(* Let $\delta\in L^2(X,\mu)$ and $k\ge1$. For $r\in\widehat X$ define $M^{(k)}(r)=\prod_{0\le\ell<k}M\big(P_{2\mathbf{q}}^{\ell}(r)\big)$. Then for every $s\in\widehat X$, \[ \widehat{(\mathcal{L}^k\delta)}(s)=\sum_{r\in P_{2\mathbf{q}}^{-k}(s)}M^{(k)}(r)\,\hat\delta(r), \] where $P_{2\mathbf{q}}^{-k}(s)=\{r\in\widehat X: P_{2\mathbf{q}}^k(r)=s\}$ (a finite set).
   Context: $X=\mathbb{Z}_2$ is the ring of $2$-adic integers, realized as $\{(x_n)_{n\ge0}\in\prod_n\mathbb{Z}/2^n\mathbb{Z}: x_{n+1}\equiv x_n \pmod{2^n}\}$ with coordinatewise operations and projections $\pi_n(\mathbf{x})=x_n$; $\mu$ is its normalized Haar measure. $\widehat X=\mathbb{Q}[1/2]/\mathbb{Z}$. For $\mathbf{x}\in X$, $P_{\mathbf{x}}:\widehat X\to\widehat X$ is $P_{\mathbf{x}}(\frac{a}{2^n}+\mathbb{Z})=\frac{\pi_n(\mathbf{x})a}{2^n}+\mathbb{Z}$. With $e(\alpha)=\exp(2\pi i\alpha)$, the characters are $\chi_r(\mathbf{x})=e(P_{\mathbf{x}}(r))$ for $r\in\widehat X$; they form an orthonormal basis of $L^2(X,\mu)$, and $\hat\delta(r)=\int_X\delta(\mathbf{x})\overline{\chi_r(\mathbf{x})}\,d\mu(\mathbf{x})$ is the Fourier coefficient, so $\delta=\sum_r\hat\delta(r)\chi_r$. Let $\mathbf{3}=(3)_{n\ge0}$, $\mathbf{2}=(2)_{n\ge0}\in X$, and let $\mathbf{q}\in X$ be the multiplicative inverse of $\mathbf{3}$; write $2\mathbf{q}=\mathbf{2}\mathbf{q}$. The operator $\mathcal{L}$ acts on functions $\delta:X\to\mathbb{C}$ by $(\mathcal{L}\delta)(\mathbf{x})=\sum_{j=0}^{2}c_j\,\delta(2\mathbf{q}\mathbf{x}-j\mathbf{q})$ with $c_0=c_2=1/3$, $c_1=-1/3$. Finally $M(r)=\sum_{j=0}^2c_j\chi_r(-j\mathbf{q})=\frac13\big(1-e(-P_{\mathbf{q}}(r))+e(-2P_{\mathbf{q}}(r))\big)$. *)

theory Defs
  imports "HOL-Probability.Probability"
begin

section \<open>The 2-adic integers as compatible sequences\<close>

type_synonym z2 = "nat \<Rightarrow> int"

definition Z2 :: "z2 set" where
  "Z2 = {x. (\<forall>n. 0 \<le> x n \<and> x n < 2 ^ n) \<and> (\<forall>n. x (Suc n) mod 2 ^ n = x n)}"

definition z2_const :: "int \<Rightarrow> z2" where
  "z2_const c = (\<lambda>n. c mod 2 ^ n)"

definition z2_add :: "z2 \<Rightarrow> z2 \<Rightarrow> z2" where
  "z2_add x y = (\<lambda>n. (x n + y n) mod 2 ^ n)"

definition z2_mul :: "z2 \<Rightarrow> z2 \<Rightarrow> z2" where
  "z2_mul x y = (\<lambda>n. (x n * y n) mod 2 ^ n)"

definition z2_neg :: "z2 \<Rightarrow> z2" where
  "z2_neg x = (\<lambda>n. (- x n) mod 2 ^ n)"

definition z2_sub :: "z2 \<Rightarrow> z2 \<Rightarrow> z2" where
  "z2_sub x y = (\<lambda>n. (x n - y n) mod 2 ^ n)"

definition z2_three :: z2 where "z2_three = z2_const 3"
definition z2_two :: z2 where "z2_two = z2_const 2"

▶ _WHAT YOU NEED TO DO_
Line by line, please reproduce the records exactly.

▶ _SOLUTION BELOW_
(* Let $\delta\in L^2(X,\mu)$ and $k\ge1$. For $r\in\widehat X$ define $M^{(k)}(r)=\prod_{0\le\ell<k}M\big(P_{2\mathbf{q}}^{\ell}(r)\big)$. Then for every $s\in\widehat X$, \[ \widehat{(\mathcal{L}^k\delta)}(s)=\sum_{r\in P_{2\mathbf{q}}^{-k}(s)}M^{(k)}(r)\,\hat\delta(r), \] where $P_{2\mathbf{q}}^{-k}(s)=\{r\in\widehat X: P_{2\mathbf{q}}^k(r)=s\}$ (a finite set).
   Context: $X=\mathbb{Z}_2$ is the ring of $2$-adic integers, realized as $\{(x_n)_{n\ge0}\in\prod_n\mathbb{Z}/2^n\mathbb{Z}: x_{n+1}\equiv x_n \pmod{2^n}\}$ with coordinatewise operations and projections $\pi_n(\mathbf{x})=x_n$; $\mu$ is its normalized Haar measure. $\widehat X=\mathbb{Q}[1/2]/\mathbb{Z}$. For $\mathbf{x}\in X$, $P_{\mathbf{x}}:\widehat X\to\widehat X$ is $P_{\mathbf{x}}(\frac{a}{2^n}+\mathbb{Z})=\frac{\pi_n(\mathbf{x})a}{2^n}+\mathbb{Z}$. With $e(\alpha)=\exp(2\pi i\alpha)$, the characters are $\chi_r(\mathbf{x})=e(P_{\mathbf{x}}(r))$ for $r\in\widehat X$; they form an orthonormal basis of $L^2(X,\mu)$, and $\hat\delta(r)=\int_X\delta(\mathbf{x})\overline{\chi_r(\mathbf{x})}\,d\mu(\mathbf{x})$ is the Fourier coefficient, so $\delta=\sum_r\hat\delta(r)\chi_r$. Let $\mathbf{3}=(3)_{n\ge0}$, $\mathbf{2}=(2)_{n\ge0}\in X$, and let $\mathbf{q}\in X$ be the multiplicative inverse of $\mathbf{3}$; write $2\mathbf{q}=\mathbf{2}\mathbf{q}$. The operator $\mathcal{L}$ acts on functions $\delta:X\to\mathbb{C}$ by $(\mathcal{L}\delta)(\mathbf{x})=\sum_{j=0}^{2}c_j\,\delta(2\mathbf{q}\mathbf{x}-j\mathbf{q})$ with $c_0=c_2=1/3$, $c_1=-1/3$. Finally $M(r)=\sum_{j=0}^2c_j\chi_r(-j\mathbf{q})=\frac13\big(1-e(-P_{\mathbf{q}}(r))+e(-2P_{\mathbf{q}}(r))\big)$. *)

theory Defs
  imports "HOL-Probability.Probability"
begin

section \<open>The 2-adic integers as compatible sequences\<close>

type_synonym z2 = "nat \<Rightarrow> int"

definition Z2 :: "z2 set" where
  "Z2 = {x. (\<forall>n. 0 \<le> x n \<and> x n < 2 ^ n) \<and> (\<forall>n. x (Suc n) mod 2 ^ n = x n)}"

definition z2_const :: "int \<Rightarrow> z2" where
  "z2_const c = (\<lambda>n. c mod 2 ^ n)"

definition z2_add :: "z2 \<Rightarrow> z2 \<Rightarrow> z2" where
  "z2_add x y = (\<lambda>n. (x n + y n) mod 2 ^ n)"

definition z2_mul :: "z2 \<Rightarrow> z2 \<Rightarrow> z2" where
  "z2_mul x y = (\<lambda>n. (x n * y n) mod 2 ^ n)"

definition z2_neg :: "z2 \<Rightarrow> z2" where
  "z2_neg x = (\<lambda>n. (- x n) mod 2 ^ n)"

definition z2_sub :: "z2 \<Rightarrow> z2 \<Rightarrow> z2" where
  "z2_sub x y = (\<lambda>n. (x n - y n) mod 2 ^ n)"

definition z2_three :: z2 where "z2_three = z2_const 3"
definition z2_two :: z2 where "z2_two = z2_const 2"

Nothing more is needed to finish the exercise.